CLARE is an 84-million-parameter neural network that uses a classification-based architecture. This approach discretizes the continuous output space into bins to enhance prediction accuracy while naturally embedding uncertainty estimates.
Key Features:
- Predicts electron temperature (Te) in the plasmasphere (1,000 - 8,000 km altitude).
- Utilizes in-situ geospatial data from the Akebono satellite and solar activity indices (Kp, AL, SYM-H, F10.7) as inputs.
- Employs a novel binned classification approach for improved accuracy and uncertainty quantification.
- Achieves predictions within 10% absolute deviation for 69.82% of observations under typical solar conditions.

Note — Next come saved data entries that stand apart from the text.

(* Let $\psi\in C^1((0,\infty))$ be concave with $\psi'(1)=1$ and $H_\psi<\infty$, let $d>0$, and let $G=(V,E)$ be a finite connected graph satisfying $CD\psi(d,0)$. Then for every positive solution $u$ to the heat equation on $G$, all $x_1,x_2\in V$ and all $0<T_1<T_2$, \[ \log\frac{u(x_1,T_1)}{u(x_2,T_2)}\le\frac d2\log\frac{T_2}{T_1}+\frac{H_\psi\,\mathrm{dist}(x_1,x_2)^2}{T_2-T_1}. \]
   Context: A finite graph $G=(V,E)$: finite set $V$, irreflexive symmetric relation $E$; $v\sim w$ iff $(v,w)\in E$; $\mathrm{dist}$ is the combinatorial path distance; connected means all distances are finite. $C^+(V)$: positive functions. Laplacian $\Delta f(v)=\sum_{w\sim v}(f(w)-f(v))$. For $f\in C^+(V)$: $(\Delta^\psi f)(v):=\Delta\big[\psi\big(\tfrac{f}{f(v)}\big)\big](v)$; $(\Omega^\psi f)(v):=\Delta\Big[\psi'\big(\tfrac{f}{f(v)}\big)\cdot\tfrac{f}{f(v)}\cdot\big(\tfrac{\Delta f}{f}-\tfrac{(\Delta f)(v)}{f(v)}\big)\Big](v)$; $2\Gamma_2^\psi(f):=\Omega^\psi f+\frac{\Delta f\,\Delta^\psi f}{f}-\frac{\Delta(f\,\Delta^\psi f)}{f}$. $CD\psi(d,0)$: $\Gamma_2^\psi(f)\ge\frac1d(\Delta^\psi f)^2$ for all $f\in C^+(V)$. $\overline{\psi}(x):=\psi'(1)(x-1)-(\psi(x)-\psi(1))$, $H_\psi:=\sup_{x>1}\frac{(\log x)^2}{\overline{\psi}(x)}$. A solution to the heat equation is $u:V\times[0,\infty)\to\mathbb{R}$, continuously differentiable in $t$, with $\Delta u=\partial_tu$. *)

theory Defs
  imports "HOL-Analysis.Analysis"
begin

definition finite_graph :: "'a set \<Rightarrow> ('a \<Rightarrow> 'a \<Rightarrow> bool) \<Rightarrow> bool" where
  "finite_graph V E \<longleftrightarrow> finite V \<and> (\<forall>v w. E v w \<longrightarrow> v \<in> V \<and> w \<in> V)
     \<and> (\<forall>v w. E v w \<longrightarrow> E w v) \<and> (\<forall>v. \<not> E v v)"

definition walk :: "('a \<Rightarrow> 'a \<Rightarrow> bool) \<Rightarrow> 'a \<Rightarrow> 'a \<Rightarrow> nat \<Rightarrow> bool" where
  "walk E x y n \<longleftrightarrow> (\<exists>p::nat \<Rightarrow> 'a. p 0 = x \<and> p n = y \<and> (\<forall>i<n. E (p i) (p (Suc i))))"

definition graph_connected :: "'a set \<Rightarrow> ('a \<Rightarrow> 'a \<Rightarrow> bool) \<Rightarrow> bool" where
  "graph_connected V E \<longleftrightarrow> (\<forall>x\<in>V. \<forall>y\<in>V. \<exists>n. walk E x y n)"

text \<open>Combinatorial path distance (meaningful for connected graphs).\<close>
definition gdist :: "('a \<Rightarrow> 'a \<Rightarrow> bool) \<Rightarrow> 'a \<Rightarrow> 'a \<Rightarrow> nat" where
  "gdist E x y = (LEAST n. walk E x y n)"

definition lap :: "'a set \<Rightarrow> ('a \<Rightarrow> 'a \<Rightarrow> bool) \<Rightarrow> ('a \<Rightarrow> real) \<Rightarrow> 'a \<Rightarrow> real" where
  "lap V E f v = (\<Sum>w\<in>{w\<in>V. E v w}. f w - f v)"

definition psi_lap :: "'a set \<Rightarrow> ('a \<Rightarrow> 'a \<Rightarrow> bool) \<Rightarrow> (real \<Rightarrow> real) \<Rightarrow> ('a \<Rightarrow> real) \<Rightarrow> 'a \<Rightarrow> real" where
  "psi_lap V E \<psi> f v = lap V E (\<lambda>w. \<psi> (f w / f v)) v"

definition psi_Omega :: "'a set \<Rightarrow> ('a \<Rightarrow> 'a \<Rightarrow> bool) \<Rightarrow> (real \<Rightarrow> real) \<Rightarrow> ('a \<Rightarrow> real) \<Rightarrow> 'a \<Rightarrow> real" where
  "psi_Omega V E \<psi> f v = lap V E (\<lambda>w. deriv \<psi> (f w / f v) * (f w / f v) *
        (lap V E f w / f w - lap V E f v / f v)) v"

definition psi_Gamma2 :: "'a set \<Rightarrow> ('a \<Rightarrow> 'a \<Rightarrow> bool) \<Rightarrow> (real \<Rightarrow> real) \<Rightarrow> ('a \<Rightarrow> real) \<Rightarrow> 'a \<Rightarrow> real" where
  "psi_Gamma2 V E \<psi> f v = (psi_Omega V E \<psi> f v + lap V E f v * psi_lap V E \<psi> f v / f v
        - lap V E (\<lambda>w. f w * psi_lap V E \<psi> f w) v / f v) / 2"

text \<open>Curvature-dimension condition CD\<psi>(d,0).\<close>
definition CDpsi :: "'a set \<Rightarrow> ('a \<Rightarrow> 'a \<Rightarrow> bool) \<Rightarrow> (real \<Rightarrow> real) \<Rightarrow> real \<Rightarrow> bool" where
  "CDpsi V E \<psi> d \<longleftrightarrow> (\<forall>f. (\<forall>v\<in>V. f v > 0) \<longrightarrow>
      (\<forall>v\<in>V. psi_Gamma2 V E \<psi> f v \<ge> (1 / d) * (psi_lap V E \<psi> f v)\<^sup>2))"

definition psi_bar :: "(real \<Rightarrow> real) \<Rightarrow> real \<Rightarrow> real" where
  "psi_bar \<psi> x = deriv \<psi> 1 * (x - 1) - (\<psi> x - \<psi> 1)"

- Demonstrates an accuracy of 21.39% on a solar storm test set.
Paper: For a detailed description of the model architecture, dataset, and results, please refer to our paper: CLARE: Classification-based Regression for Electron Temperature Prediction (arXiv link)
Before you begin, set up the following:
- Python: Required for using the repository, download version 3.9 or above.
- (Optional) Weights & Biases Account: Optional for experiment tracking and model management.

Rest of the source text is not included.